Construction was started in 1972, and she was commissioned into
the Soviet Navy in 1974. Upon being commissioned the Cobra sailed
out into the North Sea where she then turned south for a secret
voyage down the coast and around the southern tip of Africa,
into the Indian Ocean and through the Sea of Japan until she
arrived at her assigned home port of Vladivostok, home of the
powerful Soviet Pacific Fleet.
During
her twenty year career, the Cobra regularly patrolled in the
Arctic, Pacific and Indian Oceans ranging as far east as the
Pacific coast of North America. Although intrusions into the
USA and Canadian territorial waters were strictly forbidden
by international treaty, rumors of such occurrences persist
to this day. Indeed, both sides in the "Cold War"

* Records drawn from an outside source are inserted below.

lemma lipschitz_double_sum_integral_error:
  fixes g :: "real \<Rightarrow> real \<Rightarrow> real" and N :: nat
  assumes lip_z: "\<And>y. Lz-lipschitz_on UNIV (\<lambda>z. g z y)"
    and lip_y: "\<And>z. Ly-lipschitz_on UNIV (g z)"
    and vanish: "\<And>z y. z \<notin> {\<alpha>..\<beta>} \<or> y \<notin> {\<alpha>..\<beta>} \<Longrightarrow> g z y = 0"
    and "0 < \<alpha>" "1 / 2 \<le> \<beta> - \<alpha>" \<comment> \<open>only used to absorb lower-order terms into \<open>(\<beta> - \<alpha>)\<^sup>2\<close>\<close>
    and "\<beta> < real N + 1"
  shows "\<bar>(\<Sum>a=1..N. \<Sum>c=1..N. g (real a) (real c)) - (\<integral>y. (\<integral>z. g z y \<partial>lborel) \<partial>lborel)\<bar>
    \<le> (15 * Lz + 5 * Ly) * (\<beta> - \<alpha>)\<^sup>2"
proof -
  define h where "h y = (\<integral>z. g z y \<partial>lborel)" for y
  define w where "w = \<beta> - \<alpha>"
  have "\<alpha> \<le> \<beta>" using assms(5) by simp
  note bounds = assms(4) this assms(6)
  have rows: "\<bar>\<Sum>c=1..N. (\<Sum>a=1..N. g (real a) (real c)) - h (real c)\<bar> \<le> Lz * (w + 2) * (w + 1)"
    unfolding h_def w_def by (rule lipschitz_row_sums_integral_error[OF lip_z vanish bounds])
  have "integrable lborel (\<lambda>z. g z y)" for y
    using lipschitz_on_continuous_on[OF lip_z] vanish
    by (intro integrable_continuous_vanishing_outside_compact[of _ "{\<alpha>..\<beta>}"]) auto
  then have "(Ly * w)-lipschitz_on UNIV h"
    unfolding h_def w_def using vanish bounds by (intro lipschitz_on_integral_parameter[OF lip_y]) auto
  moreover have "h y = 0" if "y \<notin> {\<alpha>..\<beta>}" for y
    using vanish that unfolding h_def by simp
  ultimately have columns: "\<bar>(\<Sum>c=1..N. h (real c)) - (\<integral>y. h y \<partial>lborel)\<bar> \<le> Ly * w * (w + 2)"
    using lipschitz_sum_integral_error[OF _ _ bounds] unfolding w_def by blast
  have "Lz * (w + 2) * (w + 1) + Ly * w * (w + 2) \<le> Lz * (5 * w * (3 * w)) + Ly * (w * (5 * w))"
    using assms(5) lipschitz_on_nonneg[OF lip_z] lipschitz_on_nonneg[OF lip_y] unfolding w_def
    by (intro add_mono) (simp_all add: mult.assoc mult_left_mono mult_mono)
  moreover have "(\<Sum>a=1..N. \<Sum>c=1..N. g (real a) (real c)) - (\<integral>y. h y \<partial>lborel)
      = (\<Sum>c=1..N. (\<Sum>a=1..N. g (real a) (real c)) - h (real c))
        + ((\<Sum>c=1..N. h (real c)) - (\<integral>y. h y \<partial>lborel))"
    by (subst sum.swap) (simp add: sum_subtractf)
  ultimately show ?thesis
    using rows columns unfolding h_def w_def by (simp add: power2_eq_square algebra_simps)
qed

section \<open>The Moebius function\<close>

lemma moebius_mu_prime_mult:
  assumes p: "prime p" and "\<not> p dvd e" and "e > 0"
  shows "moebius_mu (p * e) = - moebius_mu e"
proof -
  have coprime: "coprime p e" using assms by (simp add: prime_imp_coprime)
  have "squarefree p" using p by (simp add: squarefree_prime_elem)
  then have "squarefree (p * e) \<longleftrightarrow> squarefree e"
    using coprime squarefree_mult_coprime squarefree_multD(2) by blast
  moreover have "prime_factors (p * e) = insert p (prime_factors e)"
    using assms by (simp add: prime_factors_product prime_prime_factors)
  moreover have "p \<notin> prime_factors e" using assms(2) by (auto simp: in_prime_factors_iff)
  ultimately show ?thesis using assms by (simp add: moebius_mu_def)
qed

lemma abs_moebius_mu_le: "\<bar>moebius_mu k\<bar> \<le> 1"
  by (simp add: moebius_mu_def)

lemma moebius_mu_eq_0_if_prime_square_dvd:
  assumes "prime p" "p * p dvd d"
  shows "moebius_mu d = 0"
proof -
  have "\<not> squarefree d"
    using assms unfolding squarefree_def by (metis not_prime_unit power2_eq_square)
  then show ?thesis by (simp add: moebius_mu_def)
qed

considered submarines as the perfect espionage tool.
The
Foxtrot Class Attack Submarine was the largest and most successful
class of non-nuclear submarines built by the Soviet/Russian
Navy. In all, 79 Foxtrots were built between 1958-1984. When
you tour the "Cobra" you will enter the deep underworld
of the Russian submarine service. This 284-foot stealth fighting
machine spent its 20 year life prowling the oceans on its secret
"cold war" missions.
LIFE
ON A RUSSIAN SUBMARINE
- The
elite of the Soviet/Russian Navy were the submariners. Carefully
screened and hand-picked from the mainly conscript Navy,
they would spend 10 days of their 30-day shore leave convalescing
in special government sanatoriums.
- 2
showers and 3 toilets served 78 officers and enlisted men
for up to 3 months at sea.
- Enlisted
men "hot bunked". 54 crewmen shared 27 bunks located
in the aft torpedo room, with more located in the electric
motor room. Only officers had their own bunks.
- Daily
life was on a 3 shift schedule. ON DUTY, MAINTENANCE, SLEEP.
- 3
cooks prepared 4 meals a day in the galley. Food scraps
were disposed of through a small tube in the galley which
fired the refuse into the sea just like a torpedo tube.
- The
crew was issued a daily ration of white wine. A ration which
was commonly refused as not being the much preferred and
officially banned Vodka.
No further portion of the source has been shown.